Summary
Este video muestra un procedimiento para aislar protoplastos intactos los tejidos de 14 días de edad, las plántulas de Arabidopsis. Dado que los protoplastos aislados permanecen intactos por lo menos durante 96 horas y están aislados de plantas en vez de un mes de edad, las plantas adultas, este procedimiento acelera pruebas que requieren protoplastos intactos.
Abstract
Los protoplastos son células vegetales que han tenido sus paredes celulares enzimáticamente eliminado. El aislamiento de protoplastos a partir de tejidos de plantas se registró por primera vez hace más de 40 años
Protocol
Parte 1. Preparación de un medio sólido para el cultivo de plantas.
Por lo general las plantas de la cultura en el concentrado Murasige y Skoog (MS) suplementado con 1% de sacarosa y 0,7% de agar. Contiene todos los ingredientes necesarios para mantener las plantas sanas.
Para preparar 1 litro de MS, el pH 5,7
- Añadir 2,15 g de MS polvo en 800 ml de agua en botella de 2,0 litros de 1,5 autoclavable.
- Coloque una barra de agitación en la botella y disuelva el polvo MS agitando medio de una placa de agitación.
- Mientras se agita, añadir gota a gota, KOH 1N para ajustar el pH del medio MS con 5,7.
- Agregar 10 g de sacarosa, seguir revolviendo.
- Añadir 7 g de agar *.
- Ajustar el volumen final del medio preparado a 1000 ml y esterilizar en autoclave .*
- Coloque el autoclave medio en una placa de agitación y enfriarlo mientras se agita, por lo que el agar no se precipitará en la parte inferior de la botella. Enfriamiento a medio y 60 º C. *
- Vierta 100 mm placas de Petri. Mantenga las placas a 4 ° C.
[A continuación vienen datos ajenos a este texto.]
(* Let $(C,\mathbf A)$, $C\in\mathcal L(\mathcal X,\mathcal Y)$, $\mathbf A=(A_1,\dots,A_d)\in\mathcal L(\mathcal X)^d$, be a contractive pair and let $Q$ be the orthogonal projection of $\mathcal X$ onto $(\operatorname{Ker}\widehat{\mathcal O}_{C,\mathbf A})^\perp$. Then $Q-A_1^*QA_1-\cdots-A_d^*QA_d\ge C^*C$ and $\mathcal G_{C,\mathbf A}\le Q\le I_{\mathcal X}$. Write, with respect to $\mathcal X=\operatorname{Ker}\widehat{\mathcal O}_{C,\mathbf A}\oplus(\operatorname{Ker}\widehat{\mathcal O}_{C,\mathbf A})^\perp$, $$C=\begin{bmatrix}0&C^0\end{bmatrix},\quad A_j=\begin{bmatrix}A_{j1}&A_{j2}\\0&A_j^0\end{bmatrix},\quad Q=\begin{bmatrix}0&0\\0&I\end{bmatrix}\quad(j=1,\dots,d).$$ Then $Q$ satisfies the Stein equation $Q-\sum_{j=1}^dA_j^*QA_j=C^*C$ if and only if $(C^0,\mathbf A^0)=(C^0,(A_1^0,\dots,A_d^0))$ is an isometric pair, in which case also $A_{j2}=0$ (so $(\operatorname{Ker}\widehat{\mathcal O}_{C,\mathbf A})^\perp$ is invariant for $A_j$) for $j=1,\dots,d$.
   Context: $\mathcal F_d$: free semigroup of words on $\{1,\dots,d\}$; $\mathbf A^v=A_{i_N}\cdots A_{i_1}$ for $v=i_N\cdots i_1$; $\widehat{\mathcal O}_{C,\mathbf A}x=\sum_v(C\mathbf A^vx)z^v\in H^2_{\mathcal Y}(\mathcal F_d)$ (formal power series in noncommuting indeterminates with square-summable coefficients); $\mathcal G_{C,\mathbf A}=\widehat{\mathcal O}_{C,\mathbf A}^*\widehat{\mathcal O}_{C,\mathbf A}=\sum_v(\mathbf A^v)^*C^*C\mathbf A^v$. Contractive pair: $C^*C+\sum_jA_j^*A_j\le I$; isometric pair: equality. *)

theory Defs
  imports "HOL-Analysis.Analysis"
begin

text \<open>Operators are bounded linear maps between real Hilbert spaces
  (types of class real_inner + complete_space).  A d-tuple of operators is a
  function A :: nat => ('a => 'a) used on the indices 1..d.\<close>

text \<open>Words of the free semigroup F_d: lists over {1..d}.  The list
  [i_N, ..., i_1] denotes the word v = i_N ... i_1, and
  A^v = A_{i_N} ... A_{i_1}; the empty word gives the identity.\<close>

definition words :: "nat \<Rightarrow> nat list set" where
  "words d = {v. set v \<subseteq> {1..d}}"

fun word_pow :: "(nat \<Rightarrow> 'a \<Rightarrow> 'a) \<Rightarrow> nat list \<Rightarrow> 'a \<Rightarrow> 'a" where
  "word_pow A [] = id"
| "word_pow A (i # v) = A i \<circ> word_pow A v"

definition adjoint_on :: "'a::real_inner set \<Rightarrow> ('a \<Rightarrow> 'b::real_inner) \<Rightarrow> 'b \<Rightarrow> 'a" where
  "adjoint_on M T y = (THE z. z \<in> M \<and> (\<forall>x\<in>M. inner (T x) y = inner x z))"

definition adjoint :: "('a::real_inner \<Rightarrow> 'b::real_inner) \<Rightarrow> 'b \<Rightarrow> 'a" where
  "adjoint T = adjoint_on UNIV T"

definition op_le :: "('a::real_inner \<Rightarrow> 'a) \<Rightarrow> ('a \<Rightarrow> 'a) \<Rightarrow> bool" where
  "op_le S T \<longleftrightarrow> (\<forall>x. inner (S x) x \<le> inner (T x) x)"

definition contractive_pair ::
  "('a::{real_inner,complete_space} \<Rightarrow> 'b::{real_inner,complete_space}) \<Rightarrow> (nat \<Rightarrow> 'a \<Rightarrow> 'a) \<Rightarrow> nat \<Rightarrow> bool" where
  "contractive_pair C A d \<longleftrightarrow> bounded_linear C \<and> (\<forall>j\<in>{1..d}. bounded_linear (A j)) \<and>
     op_le (\<lambda>x. adjoint C (C x) + (\<Sum>j=1..d. adjoint (A j) (A j x))) id"

text \<open>Isometric pair of operators C : M -> Y, A_j : M -> M on a closed
  subspace M of X (regarded as a Hilbert space in its own right):
  C^*C + sum A_j^*A_j = I_M, the adjoints being taken in M.\<close>

definition isometric_pair_on ::
  "'a::{real_inner,complete_space} set \<Rightarrow> ('a \<Rightarrow> 'b::{real_inner,complete_space}) \<Rightarrow> (nat \<Rightarrow> 'a \<Rightarrow> 'a) \<Rightarrow> nat \<Rightarrow> bool" where
  "isometric_pair_on M C A d \<longleftrightarrow>
     (\<forall>j\<in>{1..d}. \<forall>x\<in>M. A j x \<in> M) \<and>
     (\<forall>x\<in>M. adjoint_on M C (C x) + (\<Sum>j=1..d. adjoint_on M (A j) (A j x)) = x)"

text \<open>Observability operator: x |-> sum_v (C A^v x) z^v, represented by its
  coefficient family indexed by words (0 outside the words over {1..d}).\<close>

definition obs_op :: "('a \<Rightarrow> 'b::zero) \<Rightarrow> (nat \<Rightarrow> 'a \<Rightarrow> 'a) \<Rightarrow> nat \<Rightarrow> 'a \<Rightarrow> nat list \<Rightarrow> 'b" where
  "obs_op C A d x = (\<lambda>v. if v \<in> words d then C (word_pow A v x) else 0)"

definition obs_kernel :: "('a \<Rightarrow> 'b::zero) \<Rightarrow> (nat \<Rightarrow> 'a \<Rightarrow> 'a) \<Rightarrow> nat \<Rightarrow> 'a set" where
  "obs_kernel C A d = {x. obs_op C A d x = (\<lambda>v. 0)}"

definition gramian ::
  "('a::{real_inner,complete_space} \<Rightarrow> 'b::{real_inner,complete_space}) \<Rightarrow> (nat \<Rightarrow> 'a \<Rightarrow> 'a) \<Rightarrow> nat \<Rightarrow> 'a \<Rightarrow> 'a" where
  "gramian C A d x = (\<Sum>\<^sub>\<infinity>v\<in>words d. adjoint (word_pow A v) (adjoint C (C (word_pow A v x))))"

definition orth_proj :: "'a::real_inner set \<Rightarrow> ('a \<Rightarrow> 'a) \<Rightarrow> bool" where
  "orth_proj M P \<longleftrightarrow> (\<forall>x. P x \<in> M \<and> (\<forall>m\<in>M. inner (x - P x) m = 0))"

end

(*
  The observability kernel K is annihilated by C and invariant under every A_j, since
  C A^v (A_j k) = C A^(v j) k.  Hence C = C Q and Q A_j = Q A_j Q for the projection Q onto
  the orthogonal complement of K, and contractivity applied to Q x gives the one-step bound
  |C x|^2 + sum_j |Q A_j x|^2 <= |Q x|^2.  This is the Stein inequality, and iterating it
  over words bounds every finite partial sum of the gramian by |Q x|^2.  The defect
  Q - sum_j A_j^* Q A_j - C^* C has the form (x, y) |-> b (Q x) (Q y), and b vanishes on the
  complement exactly when (C, Q A_j) is an isometric pair there.  In that case the one-step
  bound is an equality on the complement, and comparing it with contractivity forces
  |Q A_j m| = |A_j m|, i.e. A_j m stays in the complement.
*)
theory Submission
  imports Defs
begin

section \<open>Orthogonal projections in real Hilbert spaces\<close>

lemma parallelogram_law:
  fixes x y :: "'a::real_inner"
  shows "norm (x + y)^2 + norm (x - y)^2 = 2 * norm x ^ 2 + 2 * norm y ^ 2"
  by (simp add: power2_norm_eq_inner inner_simps algebra_simps)

lemma coeff_eq_0_if_quadratic_nonneg:
  fixes b c :: real
  assumes nonneg: "\<And>t. 0 \<le> c * t^2 - 2 * b * t" and "c \<ge> 0"
  shows "b = 0"
proof -
  have c1: "c + 1 > 0" using \<open>c \<ge> 0\<close> by simp
  have "c * (b / (c + 1))^2 - 2 * b * (b / (c + 1)) = - (b^2 * (c + 2)) / (c + 1)^2"
    using c1 by (simp add: power_divide divide_simps) (simp add: algebra_simps power2_eq_square)
  with nonneg[of "b / (c + 1)"] have "b^2 * (c + 2) / (c + 1)^2 \<le> 0" by simp
  hence "b^2 * (c + 2) \<le> 0" using c1 by (simp add: divide_le_0_iff)
  with \<open>c \<ge> 0\<close> have "b^2 \<le> 0" by (simp add: mult_le_0_iff)
  thus ?thesis by simp
qed

lemma Cauchy_minimizing_sequence:
  fixes a :: "'a::real_inner"
  assumes "convex N" and nN: "\<And>k. n k \<in> N"
    and low: "\<And>m. m \<in> N \<Longrightarrow> \<delta> \<le> norm (a - m)^2"
    and approx: "\<And>k. norm (a - n k)^2 < \<delta> + 1 / Suc k"
  shows "Cauchy n"
proof (rule metric_CauchyI)
  have bound: "norm (n k - n l)^2 \<le> 2 / Suc k + 2 / Suc l" for k l
  proof -
    define mid where "mid = (1/2) *\<^sub>R n k + (1/2) *\<^sub>R n l"
    have "mid \<in> N" using \<open>convex N\<close> nN by (simp add: mid_def convexD)
    have "(a - n k) + (a - n l) = 2 *\<^sub>R (a - mid)"
      by (simp add: mid_def algebra_simps scaleR_2)
    hence "norm ((a - n k) + (a - n l))^2 = 4 * norm (a - mid)^2"
      by (simp add: power_mult_distrib)
    hence "4 * \<delta> \<le> norm ((a - n k) + (a - n l))^2" using low[OF \<open>mid \<in> N\<close>] by simp
    moreover have "norm ((a - n k) + (a - n l))^2 + norm (n k - n l)^2
        = 2 * norm (a - n k)^2 + 2 * norm (a - n l)^2"
      using parallelogram_law[of "a - n k" "a - n l"] by (simp add: norm_minus_commute)
    ultimately show ?thesis using approx[of k] approx[of l] by linarith
  qed
  fix e :: real assume "e > 0"
  obtain K where K: "4 / e^2 < real K" using reals_Archimedean2 by blast
  have "4 < e^2 * real K" using K \<open>e > 0\<close> by (simp add: field_simps)
  also have "\<dots> \<le> e^2 * Suc K" by (simp add: mult_left_mono)
  finally have "4 / Suc K < e^2" by (simp add: field_simps)
  show "\<exists>K. \<forall>k\<ge>K. \<forall>l\<ge>K. dist (n k) (n l) < e"
  proof (intro exI allI impI)
    fix k l assume "K \<le> k" "K \<le> l"
    hence "2 / Suc k \<le> 2 / Suc K" "2 / Suc l \<le> 2 / Suc K" by (simp_all add: frac_le)
    hence "norm (n k - n l)^2 < e^2" using bound[of k l] \<open>4 / Suc K < e^2\<close> by linarith
    thus "dist (n k) (n l) < e" using \<open>e > 0\<close> by (simp add: dist_norm power_less_imp_less_base)
  qed
qed

lemma closed_convex_nearest_point:
  fixes a :: "'a::{real_inner,complete_space}"
  assumes "closed N" "convex N" "N \<noteq> {}"
  obtains p where "p \<in> N" "\<And>m. m \<in> N \<Longrightarrow> norm (a - p) \<le> norm (a - m)"
proof -
  define \<delta> where "\<delta> = (INF m\<in>N. norm (a - m)^2)"
  have bdd: "bdd_below ((\<lambda>m. norm (a - m)^2) ` N)" by (rule bdd_belowI2[of _ 0]) simp
  have low: "\<delta> \<le> norm (a - m)^2" if "m \<in> N" for m
    unfolding \<delta>_def using bdd that by (rule cINF_lower)
  have "\<exists>m\<in>N. norm (a - m)^2 < \<delta> + 1 / Suc k" for k
    using cINF_less_iff[OF \<open>N \<noteq> {}\<close> bdd, of "\<delta> + 1 / Suc k"] by (simp add: \<delta>_def)
  then obtain n where nN: "\<And>k. n k \<in> N" and approx: "\<And>k. norm (a - n k)^2 < \<delta> + 1 / Suc k"
    by metis
  have "Cauchy n" using \<open>convex N\<close> nN low approx by (rule Cauchy_minimizing_sequence)
  then obtain p where lim: "n \<longlonglongrightarrow> p" using Cauchy_convergent convergent_def by blast
  have "p \<in> N" using closed_sequentially[OF \<open>closed N\<close> nN lim] .
  have "(\<lambda>k. norm (a - n k)^2) \<longlonglongrightarrow> norm (a - p)^2"
    by (intro tendsto_intros lim)
  moreover have "(\<lambda>k. \<delta> + 1 / Suc k) \<longlonglongrightarrow> \<delta> + 0"
    by (intro tendsto_intros LIMSEQ_inverse_real_of_nat[unfolded inverse_eq_divide])
  ultimately have "norm (a - p)^2 \<le> \<delta>"
    using approx by (intro LIMSEQ_le) (auto intro: less_imp_le)
  hence "norm (a - p)^2 \<le> norm (a - m)^2" if "m \<in> N" for m using low[OF that] by linarith
  thus ?thesis using \<open>p \<in> N\<close> that by (simp add: power2_le_iff_abs_le)
qed
(* Let $(H,B_1,B_2)$ be a Rota-Baxter system of Hopf algebras with descendent Hopf algebra $H_{B_1,B_2}$, let $A$ be a unital commutative algebra, and let $\mathcal{B}_1,\mathcal{B}_2:\mathrm{Char}(H,A)\to\mathrm{Char}(H_{B_1,B_2},A)$ be given by $\mathcal{B}_i(f)(a)=f(B_i(a))$, $a\in H_1$. Then $\mathcal{B}_1(\ker\mathcal{B}_2)$ is a normal subgroup of $\operatorname{Im}(\mathcal{B}_1)$ and $\mathcal{B}_2(\ker\mathcal{B}_1)$ is a normal subgroup of $\operatorname{Im}(\mathcal{B}_2)$.
   Context: $\mathbb{F}$ is a field of characteristic $0$; Sweedler notation $\Delta(a)=a_1\otimes a_2$. A Rota-Baxter system of Hopf algebras is a triple $(H,B_1,B_2)$ with $(H,\cdot,1,\Delta,\epsilon,S)$ a cocommutative Hopf algebra, $B_1,B_2$ coalgebra homomorphisms with $B_1(1)=B_2(1)=1$, and for all $a,b\in H$: $B_1(a)B_1(b)=B_1(B_1(a_1)bS(B_2(a_2)))$, $B_2(a)B_2(b)=B_2(B_1(a_1)bS(B_2(a_2)))$. Descendent operation $a\circ b=B_1(a_1)bS(B_2(a_2))$, cocycle $\sigma(a)=B_1(a_1)S(B_2(a_2))$, $H_1=\operatorname{Im}(\sigma)$; $H_{B_1,B_2}$ is the Hopf algebra $H_1$ with product $\circ$, unit $1$, restricted $\Delta,\epsilon$, antipode $T(a)=S(B_1(a_1))B_2(a_2)$. Convolution: $(f\ast g)(a)=f(a_1)g(a_2)$. $\mathrm{Char}(H,A)$ is the group under $\ast$ of algebra homomorphisms $H\to A$; $\mathrm{Char}(H_{B_1,B_2},A)$ is the group under convolution (w.r.t. the coproduct of $H_1$) of algebra homomorphisms $(H_1,\circ,1)\to A$. *)

theory Defs
  imports Main "HOL.Vector_Spaces" "HOL-Algebra.Coset"
begin

text \<open>
Since Isabelle/HOL has no tensor products,
an element of H (x) H is represented by a finite list of pairs (u,v), standing for the
sum of the u (x) v; two such lists represent the same tensor iff every 'k-valued
bilinear form takes the same value on them (this characterises equality in H (x) H over
a field).  Similarly for H (x) H (x) H with trilinear forms.  The coproduct is a map
Delta from H to such lists, and Sweedler sums f(a_1,a_2) are sums over the list Delta a.
\<close>

definition bilinear_form :: "('k::field \<Rightarrow> 'h::ab_group_add \<Rightarrow> 'h) \<Rightarrow> ('h \<Rightarrow> 'h \<Rightarrow> 'k) \<Rightarrow> bool" where
  "bilinear_form sc \<beta> \<longleftrightarrow>
     (\<forall>x. Vector_Spaces.linear sc (*) (\<beta> x)) \<and> (\<forall>y. Vector_Spaces.linear sc (*) (\<lambda>x. \<beta> x y))"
* Tip 1: No intente disolver el agar. Se solubilizan en autoclave.
* Tip 2: Mantenga la barra de agitación en una botella durante el tratamiento en autoclave, ya que lo necesitará más adelante.
* Consejo 3: Si usted puede mantener las manos en el frasco en un autoclave durante 10 s, significa que el medio se ha enfriado lo suficiente y se puede empezar a verter las placas.
Parte 2. Material vegetal y condiciones de crecimiento.
- Esterilizar las semillas de Arabidopsis thaliana
- Colocar 100 mg de semillas en tubos de microcentrífuga eppendorf y agregar 1 ml de etanol al 70%. Mezclar bien e incubar durante 2 min. Girar las semillas hacia abajo, aspirar el sobrenadante.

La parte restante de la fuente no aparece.